theorem lemmaA1:
  fixes G :: "'a graph" and G' :: "'b graph" and l k t :: nat
    and vs :: "'a list" and vs' :: "'b list"
  assumes "k \<ge> 1"
    and "wf_graph l G" and "wf_graph l G'"
    and "length vs = k + 1" and "set vs \<subseteq> verts G"
    and "length vs' = k + 1" and "set vs' \<subseteq> verts G'"
  shows "OWL l G t vs = OWL l G' t vs' \<longleftrightarrow>
           (atp l G vs = atp l G' vs' \<and>
            (\<forall>i < k + 1. WL l G t (remove_nth i vs) = WL l G' t (remove_nth i vs')))"
proof
  assume "OWL l G t vs = OWL l G' t vs'"
  then show "atp l G vs = atp l G' vs' \<and>
      (\<forall>i < k + 1. WL l G t (remove_nth i vs) = WL l G' t (remove_nth i vs'))"
    using OWL_eq_imp_atp_eq OWL_eq_imp_WL_remove_nth_eq[OF assms(2,3)] assms(4) by metis
next
  assume "atp l G vs = atp l G' vs' \<and>
      (\<forall>i < k + 1. WL l G t (remove_nth i vs) = WL l G' t (remove_nth i vs'))"
  then show "OWL l G t vs = OWL l G' t vs'"
    using WL_remove_nth_eq_imp_OWL_eq[OF assms(2,3)] assms(4) by simp
qed

end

+ + +

WHAT IS BEING ASKED: Scan the lines above for the word "using". Return each one that has it.

ANSWER SECTION:
    using OWL_eq_imp_atp_eq OWL_eq_imp_WL_remove_nth_eq[OF assms(2,3)] assms(4) by metis
    using WL_remove_nth_eq_imp_OWL_eq[OF assms(2,3)] assms(4) by simp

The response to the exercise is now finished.